Joseph: (not looking up nor opening his eyes) You probably got stung by a jellyfish.
Me: What? Aren't they poisonous?
Joseph: Yeah, if you're allergic.
Me: How do I know if I'm allergic?
Joseph: Keep an eye on it.
Me: But what does it look like? Will I see the poison going in a line up my leg, like when a spider bit my mom?
Joseph: Maybe. Here, let me see. Oh. That's a good bite.
Me: It bit me on my mole. Of course it looks bad.
Joseph: It happens all the time.

Basically, Joseph didn't change his tone, he stayed calm and even and half asleep through the whole exchange while I alternated between hysterical and relieved. And, nothing has happened to me because of the bite, although I was hoping for some bizarre unknown-till-now-inherent-jellyfish-medicinal-properties to manifest themselves and take away my back pain. No dice; back to yoga and ibuprofen.

We caught the bus back to Jerusalem at 8:05pm after a lovely picnic on the windy, chilly, almost deserted beach. Ok, a little sidenote: Tel Aviv's Central Bus Station is one of the creepiest places I've ever been. Seven stinky floors, a maze that the most intelligent rat would have a hard time navigating, some of the worst shopping ever, and uninspiring security. I much prefer Jerusalem's Central Bus Station: clean, secure, a great bookstore - really, what else does one need in a bus station if not a great bookstore?

Yesterday, Mary and her brother David came for dinner. I was very excited to cook for them but my back was not. Yes, I realize that the suckiness caused by my achey back is a whiney theme in this post. Anyway, Peter and Joseph did the honours and dinner was fantastic: spicy curry with rice, salad with blue cheese and a balsamic dressing, a bottle of Merlot and a bottle of Shiraz, and burekas and coffee for dessert. We had a great time, and after the festivities Mary rubbed eucalyptus linament into my back and I think that's what really helped on my road to recovery - plus, she said a very nice prayer to help speed the healing.
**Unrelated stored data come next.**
(* Let $G$ be a connected graph on an odd number $n\geq 3$ of vertices. If there is a vertex $v\in V(G)$ such that each distance set $N_i(v)$, $i=1,\dots,\epsilon(v)$, is an independent set, then $q(G)\geq 3$.
   Context: For a graph $G$ on $n$ vertices, $\mathcal{S}(G)$ is the set of real symmetric $n\times n$ matrices $A=[a_{ij}]$ with $a_{ij}\neq0$ for $i\ne j$ iff $\{i,j\}\in E(G)$ (diagonal unrestricted); $q(G)$ is the minimum number of distinct eigenvalues of a matrix in $\mathcal{S}(G)$. $N_i(v)$ is the set of vertices at distance exactly $i$ from $v$, and $\epsilon(v)$ is the maximum distance from $v$ to a vertex of $G$. *)

theory Defs
  imports "HOL-Analysis.Analysis"
begin

text \<open>A finite simple graph on the vertex type 'n (vertex set = UNIV, n = CARD('n)),
  given by a symmetric irreflexive adjacency relation E.\<close>

definition simple_graph :: "('n \<Rightarrow> 'n \<Rightarrow> bool) \<Rightarrow> bool" where
  "simple_graph E \<longleftrightarrow> (\<forall>u v. E u v \<longrightarrow> E v u) \<and> (\<forall>u. \<not> E u u)"

definition graph_connected :: "('n \<Rightarrow> 'n \<Rightarrow> bool) \<Rightarrow> bool" where
  "graph_connected E \<longleftrightarrow> (\<forall>u v. E\<^sup>*\<^sup>* u v)"

definition gdist :: "('n \<Rightarrow> 'n \<Rightarrow> bool) \<Rightarrow> 'n \<Rightarrow> 'n \<Rightarrow> nat" where
  "gdist E u v = (LEAST k. (E ^^ k) u v)"

definition dist_set :: "('n \<Rightarrow> 'n \<Rightarrow> bool) \<Rightarrow> nat \<Rightarrow> 'n \<Rightarrow> 'n set" where
  "dist_set E i v = {u. gdist E v u = i}"

definition ecc :: "('n::finite \<Rightarrow> 'n \<Rightarrow> bool) \<Rightarrow> 'n \<Rightarrow> nat" where
  "ecc E v = Max (range (gdist E v))"

definition independent_set :: "('n \<Rightarrow> 'n \<Rightarrow> bool) \<Rightarrow> 'n set \<Rightarrow> bool" where
  "independent_set E S \<longleftrightarrow> (\<forall>u\<in>S. \<forall>w\<in>S. \<not> E u w)"

definition sym_pattern :: "('n::finite \<Rightarrow> 'n \<Rightarrow> bool) \<Rightarrow> (real^'n^'n) set" where
  "sym_pattern E = {A. transpose A = A \<and> (\<forall>i j. i \<noteq> j \<longrightarrow> (A $ i $ j \<noteq> 0 \<longleftrightarrow> E i j))}"

definition eigenvalues :: "real^'n^'n \<Rightarrow> real set" where
  "eigenvalues A = {c. \<exists>x. x \<noteq> 0 \<and> A *v x = c *\<^sub>R x}"

definition q_min :: "('n::finite \<Rightarrow> 'n \<Rightarrow> bool) \<Rightarrow> nat" where
  "q_min E = (LEAST k. \<exists>A\<in>sym_pattern E. card (eigenvalues A) = k)"

end

theory Submission imports Defs begin

text \<open>
  A real symmetric matrix with at most two eigenvalues \<open>l, m\<close> satisfies
  \<open>A\<^sup>2 = s A - p I\<close> with \<open>s = l + m\<close>, \<open>p = l m\<close>.
  The hypothesis on \<open>v\<close> makes \<open>G\<close> bipartite, the sides being the vertices at even and at odd
  distance from \<open>v\<close>. If \<open>A \<in> S(G)\<close> satisfies such a quadratic relation, comparing the \<open>(x, y)\<close>
  entries for an edge \<open>xy\<close> (no triangles) gives \<open>a\<^sub>x\<^sub>x + a\<^sub>y\<^sub>y = s\<close>, so the off-diagonal row weight
  \<open>\<Sum>\<^sub>k\<^sub>\<noteq>\<^sub>u a\<^sub>u\<^sub>k\<^sup>2 = s a\<^sub>u\<^sub>u - a\<^sub>u\<^sub>u\<^sup>2 - p\<close> is the same positive number at every vertex.
  Summing it over one side counts each edge weight \<open>a\<^sub>u\<^sub>k\<^sup>2\<close> once, just as summing over the other
  side does, so both sides have the same size and \<open>n\<close> is even.
\<close>

section \<open>Real symmetric matrices with two eigenvalues\<close>

lemma symmetric_matrix_inner_commute:
  fixes A :: "real^'n^'n"
  assumes "transpose A = A"
  shows "x \<bullet> (A *v y) = (A *v x) \<bullet> y"
  by (metis assms dot_lmul_matrix transpose_matrix_vector)

lemma quadratic_form_attains_max_on_subspace:
  fixes A :: "real^'n^'n"
  assumes W: "subspace W" and "W \<noteq> {0}"
  obtains x where "x \<in> W" "x \<bullet> x = 1" "\<And>y. y \<in> W \<Longrightarrow> y \<bullet> (A *v y) \<le> (x \<bullet> (A *v x)) * (y \<bullet> y)"
proof -
  define S where "S = W \<inter> sphere 0 1"
  have normalize_in_S: "(1 / norm y) *\<^sub>R y \<in> S" if "y \<in> W" "y \<noteq> 0" for y
    unfolding S_def using that W by (simp add: subspace_scale)
  obtain w where "w \<in> W" "w \<noteq> 0" using assms(2) subspace_0[OF W] by auto
  then have "S \<noteq> {}" using normalize_in_S by blast
  moreover have "compact S" unfolding S_def using closed_subspace[OF W] by (simp add: closed_Int_compact)
  moreover have "continuous_on S (\<lambda>y. y \<bullet> (A *v y))"
    by (intro continuous_intros linear_continuous_on)
      (auto simp: matrix_vector_mul_linear bounded_linear_inner_right)
  ultimately have "\<exists>x\<in>S. \<forall>y\<in>S. y \<bullet> (A *v y) \<le> x \<bullet> (A *v x)"
    by (intro continuous_attains_sup)
  then obtain x where xS: "x \<in> S" and xmax: "\<And>y. y \<in> S \<Longrightarrow> y \<bullet> (A *v y) \<le> x \<bullet> (A *v x)"
    by blast
  have "y \<bullet> (A *v y) \<le> (x \<bullet> (A *v x)) * (y \<bullet> y)" if "y \<in> W" for y
  proof (cases "y = 0")
    case False
    have "(y \<bullet> (A *v y)) / (norm y)\<^sup>2 \<le> x \<bullet> (A *v x)"
      using xmax[OF normalize_in_S[OF that False]]
      by (simp add: matrix_vector_mult_scaleR power2_eq_square)
    moreover have "(norm y)\<^sup>2 = y \<bullet> y" "(norm y)\<^sup>2 > 0"
      using False by (simp_all add: power2_norm_eq_inner)
    ultimately show ?thesis by (simp add: divide_le_eq mult.commute)
  qed simp
  moreover have "x \<in> W" "x \<bullet> x = 1" using xS by (auto simp: S_def norm_eq_1)
  ultimately show ?thesis using that by blast
qed
(* Let $G$ be a connected chordal graph with at least two vertices. A vertex $v\in V(G)$ is an $\mathcal{F}$-branch leaf of some perfect elimination ordering of $G$ if and only if the induced subgraph $G[N_G(v)]$ has a dominating clique.
   Context: Graphs are finite, simple, undirected; $N_G(v)$ is the open neighborhood of $v$. A graph is chordal if it has no induced cycle of length at least 4. A clique $C$ of a graph $H$ is dominating if every vertex of $H$ is in $C$ or has a neighbor in $C$. A vertex ordering $\sigma$ of $G$ (a bijection $\{1,\dots,n\}\to V(G)$, with $u\prec_\sigma w$ meaning $u$ comes before $w$) is a perfect elimination ordering (PEO) if for every vertex $v$ the neighbors of $v$ that precede $v$ in $\sigma$ form a clique. For an ordering $\sigma$ of a connected graph in which every vertex other than $\sigma(1)$ has a neighbor to its left (as is the case for PEOs of connected chordal graphs), the $\mathcal{F}$-tree of $\sigma$ is the spanning tree containing, for each $v\neq\sigma(1)$, the edge from $v$ to its leftmost neighbor in $\sigma$. A vertex $v\neq\sigma(1)$ that is a leaf of the $\mathcal{F}$-tree is an $\mathcal{F}$-branch leaf of $\sigma$. *)

theory Defs
  imports Main
begin

definition graph :: "'a set \<Rightarrow> ('a \<Rightarrow> 'a \<Rightarrow> bool) \<Rightarrow> bool" where
  "graph V E \<longleftrightarrow> finite V \<and> (\<forall>u w. E u w \<longrightarrow> u \<in> V \<and> w \<in> V)
     \<and> (\<forall>u w. E u w \<longrightarrow> E w u) \<and> (\<forall>u. \<not> E u u)"

definition connected_graph :: "'a set \<Rightarrow> ('a \<Rightarrow> 'a \<Rightarrow> bool) \<Rightarrow> bool" where
  "connected_graph V E \<longleftrightarrow> (\<forall>u\<in>V. \<forall>w\<in>V. E\<^sup>*\<^sup>* u w)"

definition induced_cycle :: "'a set \<Rightarrow> ('a \<Rightarrow> 'a \<Rightarrow> bool) \<Rightarrow> 'a list \<Rightarrow> bool" where
  "induced_cycle V E cs \<longleftrightarrow> distinct cs \<and> set cs \<subseteq> V \<and> length cs \<ge> 3 \<and>
     (\<forall>i < length cs. \<forall>j < length cs. i \<noteq> j \<longrightarrow>
        (E (cs ! i) (cs ! j) \<longleftrightarrow> j = Suc i mod length cs \<or> i = Suc j mod length cs))"

definition chordal :: "'a set \<Rightarrow> ('a \<Rightarrow> 'a \<Rightarrow> bool) \<Rightarrow> bool" where
  "chordal V E \<longleftrightarrow> \<not> (\<exists>cs. induced_cycle V E cs \<and> length cs \<ge> 4)"

definition nbhd :: "('a \<Rightarrow> 'a \<Rightarrow> bool) \<Rightarrow> 'a \<Rightarrow> 'a set" where
  "nbhd E v = {u. E v u}"

definition is_clique :: "('a \<Rightarrow> 'a \<Rightarrow> bool) \<Rightarrow> 'a set \<Rightarrow> bool" where
  "is_clique E C \<longleftrightarrow> (\<forall>x\<in>C. \<forall>y\<in>C. x \<noteq> y \<longrightarrow> E x y)"

definition dominating_clique :: "'a set \<Rightarrow> ('a \<Rightarrow> 'a \<Rightarrow> bool) \<Rightarrow> 'a set \<Rightarrow> bool" where
  "dominating_clique W E C \<longleftrightarrow> C \<subseteq> W \<and> is_clique E C \<and>
     (\<forall>w\<in>W. w \<in> C \<or> (\<exists>c\<in>C. E w c))"

definition has_dominating_clique :: "'a set \<Rightarrow> ('a \<Rightarrow> 'a \<Rightarrow> bool) \<Rightarrow> bool" where
  "has_dominating_clique W E \<longleftrightarrow> (\<exists>C. dominating_clique W E C)"

definition vertex_ordering :: "'a set \<Rightarrow> (nat \<Rightarrow> 'a) \<Rightarrow> bool" where
  "vertex_ordering V \<sigma> \<longleftrightarrow> bij_betw \<sigma> {1..card V} V"

definition peo :: "'a set \<Rightarrow> ('a \<Rightarrow> 'a \<Rightarrow> bool) \<Rightarrow> (nat \<Rightarrow> 'a) \<Rightarrow> bool" where
  "peo V E \<sigma> \<longleftrightarrow> vertex_ordering V \<sigma> \<and>
     (\<forall>i\<in>{1..card V}. is_clique E {\<sigma> j | j. j \<in> {1..card V} \<and> j < i \<and> E (\<sigma> i) (\<sigma> j)})"

definition leftmost_nbr :: "'a set \<Rightarrow> ('a \<Rightarrow> 'a \<Rightarrow> bool) \<Rightarrow> (nat \<Rightarrow> 'a) \<Rightarrow> 'a \<Rightarrow> 'a" where
  "leftmost_nbr V E \<sigma> w = \<sigma> (LEAST j. j \<in> {1..card V} \<and> E w (\<sigma> j))"

definition F_tree_edges :: "'a set \<Rightarrow> ('a \<Rightarrow> 'a \<Rightarrow> bool) \<Rightarrow> (nat \<Rightarrow> 'a) \<Rightarrow> 'a set set" where
  "F_tree_edges V E \<sigma> = {{w, leftmost_nbr V E \<sigma> w} | w. w \<in> V \<and> w \<noteq> \<sigma> 1}"

definition F_branch_leaf :: "'a set \<Rightarrow> ('a \<Rightarrow> 'a \<Rightarrow> bool) \<Rightarrow> (nat \<Rightarrow> 'a) \<Rightarrow> 'a \<Rightarrow> bool" where
  "F_branch_leaf V E \<sigma> v \<longleftrightarrow> v \<in> V \<and> v \<noteq> \<sigma> 1 \<and>
     card {e \<in> F_tree_edges V E \<sigma>. v \<in> e} = 1"

end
And now, dear readers, I do have to pack. I'm expecting Tam's skype call in 6 minutes and plan on calling my grandmother to wish her an early happy birthday. Then, I have to call a sherut and hope that they can come and get me around 3am this morning so that I can catch my 7am flight to PARIS. (If I can't get a sherut I'll have to suck it up and pay for the taxi.) I'm quite sure I'll be able to find a funky internet cafe in Paris to give you updates of my adventures there with Jason, who I'm pretty sure is either strapped in to his trans-Atlantic flight or nearing boarding. A bientot, mes cheris!